* **TASK DIRECTIONS**
Repeat the stretch of entries below from the line with "R n)^n, i.e." through the line with "by (metis binomial_fact_lemma". Include both ends and add nothing.

____ AVAILABLE DATA

(* For $n=0,1,2,\ldots$ let $R_n=\sum_{k=0}^n\binom{n}{k}\binom{n+k}{k}\frac{1}{2k-1}$. Then the sequence $\{\sqrt[n]{R_n}\}_{n=1}^\infty$ is strictly increasing, and $\lim_{n\to\infty}\sqrt[n]{R_n}=3+2\sqrt{2}$. *)

theory Defs
  imports "HOL-Analysis.Analysis"
begin

definition R :: "nat \<Rightarrow> real" where
  "R n = (\<Sum>k=0..n. real (n choose k) * real ((n + k) choose k) * (1 / (2 * real k - 1)))"

end

(*
  Zeilberger's algorithm yields the recurrence
    (n + 3) R (n + 3) = (7n + 13) R (n + 2) - (7n + 15) R (n + 1) + (n + 1) R n,
  whose limiting characteristic polynomial (x - 1) (x^2 - 6x + 1) has dominant root
  rho = 3 + 2 sqrt 2.  From n = 6 on, the recurrence propagates the ratio bounds
  rho n / (n + 2) <= R (n + 1) / R n <= rho by induction.  The upper bound gives
  R n <= C rho^n and the lower one R n >= c rho^n / n^2, so the n-th root of R n tends
  to rho.  They also give R n < (rho n / (n + 2))^n <= (R (n + 1) / R n)^n, i.e.
  R n ^ (n + 1) < R (n + 1) ^ n, which is the monotonicity of the n-th roots;
  the cases n < 6 are numerical.
*)
theory Submission
  imports Defs
begin

section \<open>The recurrence\<close>

lemma fact_add_eq_fact_mult_pochhammer:
  "fact (m + j) = (fact m :: 'a :: {semiring_char_0, comm_semiring_1}) * pochhammer (of_nat m + 1) j"
  using pochhammer_product'[of 1 m j] by (simp add: pochhammer_fact add.commute)

lemma real_binomial_fact_lemma:
  "k \<le> n \<Longrightarrow> fact k * fact (n - k) * real (n choose k) = fact n"
  by (metis binomial_fact_lemma of_nat_fact of_nat_mult)

lemma binomial_product_normalized:
  assumes "k \<le> n + d" "j \<le> d"
  shows "real ((n + j) choose k) * real ((n + j + k) choose k) * fact k ^ 2 * fact (n + d - k)
         = fact (n + k) * pochhammer (real (n + k) + 1) j * pochhammer (real (n + j) - real k + 1) (d - j)"
    (is "?C1 * ?C2 * _ * _ = _ * ?P1 * ?P2")
proof (cases "k \<le> n + j")
  case True
  have "fact (n + d - k) = fact (n + j - k) * ?P2"
    using fact_add_eq_fact_mult_pochhammer[of "n + j - k" "d - j", where 'a=real] True assms
    by (simp add: of_nat_diff)
  then have "?C1 * ?C2 * fact k ^ 2 * fact (n + d - k)
      = (fact k * fact (n + j - k) * ?C1) * fact k * ?C2 * ?P2"
    by (simp add: power2_eq_square mult_ac)
  also have "\<dots> = fact (n + j + k) * ?P2"
    unfolding real_binomial_fact_lemma[OF True]
    using real_binomial_fact_lemma[of k "n + j + k"] by (simp add: mult_ac)
  also have "\<dots> = fact (n + k) * ?P1 * ?P2"
    using fact_add_eq_fact_mult_pochhammer[of "n + k" j, where 'a=real] by (simp add: add_ac)
  finally show ?thesis .
next
  case False
  have "?P2 = 0"
    unfolding pochhammer_eq_0_iff
    by (rule exI[of _ "k - (n + j) - 1"]) (use False assms in auto)
  with False show ?thesis by simp
qed

definition R_term :: "nat \<Rightarrow> nat \<Rightarrow> real" where
  "R_term n k = real (n choose k) * real ((n + k) choose k) / (2 * real k - 1)"

text \<open>The certificate found by Zeilberger's algorithm; it vanishes at \<open>k = 0\<close> and \<open>k = n + 4\<close>.\<close>

definition R_cert :: "nat \<Rightarrow> nat \<Rightarrow> real" where
  "R_cert n k = - 4 * real k ^ 2 / ((real n + 1) * (real n + 3))
                  * real ((n + k) choose k) * real ((n + 3) choose k)"

lemma R_cert_normalized:
  assumes "k \<le> n + 3"
  shows "R_cert n k * fact k ^ 2 * fact (n + 3 - k) = - 4 * (real n + 2) * real k ^ 2 * fact (n + k)"
proof -
  have "fact n * (R_cert n k * fact k ^ 2 * fact (n + 3 - k))
      = - 4 * real k ^ 2 / ((real n + 1) * (real n + 3))
        * (fact k * fact (n + k - k) * real ((n + k) choose k))
        * (fact k * fact (n + 3 - k) * real ((n + 3) choose k))"
    by (simp add: R_cert_def power2_eq_square mult_ac)
  also have "\<dots> = - 4 * real k ^ 2 / ((real n + 1) * (real n + 3)) * fact (n + k) * fact (n + 3)"
    using real_binomial_fact_lemma[of k "n + k"] real_binomial_fact_lemma[OF assms] by simp
  also have "\<dots> = fact n * (- 4 * (real n + 2) * real k ^ 2 * fact (n + k))"
  proof -
    have "fact (n + 3) = fact n * ((real n + 1) * (real n + 2) * (real n + 3))"
      by (simp add: eval_nat_numeral algebra_simps)
    moreover have "(real n + 1) * (real n + 3) \<noteq> 0" by simp
    ultimately show ?thesis by (simp add: field_simps)
  qed
  finally show ?thesis by simp
qed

________

* **REPLY**
  to rho.  They also give R n < (rho n / (n + 2))^n <= (R (n + 1) / R n)^n, i.e.
  R n ^ (n + 1) < R (n + 1) ^ n, which is the monotonicity of the n-th roots;
  the cases n < 6 are numerical.
*)
theory Submission
  imports Defs
begin

section \<open>The recurrence\<close>

lemma fact_add_eq_fact_mult_pochhammer:
  "fact (m + j) = (fact m :: 'a :: {semiring_char_0, comm_semiring_1}) * pochhammer (of_nat m + 1) j"
  using pochhammer_product'[of 1 m j] by (simp add: pochhammer_fact add.commute)

lemma real_binomial_fact_lemma:
  "k \<le> n \<Longrightarrow> fact k * fact (n - k) * real (n choose k) = fact n"
  by (metis binomial_fact_lemma of_nat_fact of_nat_mult)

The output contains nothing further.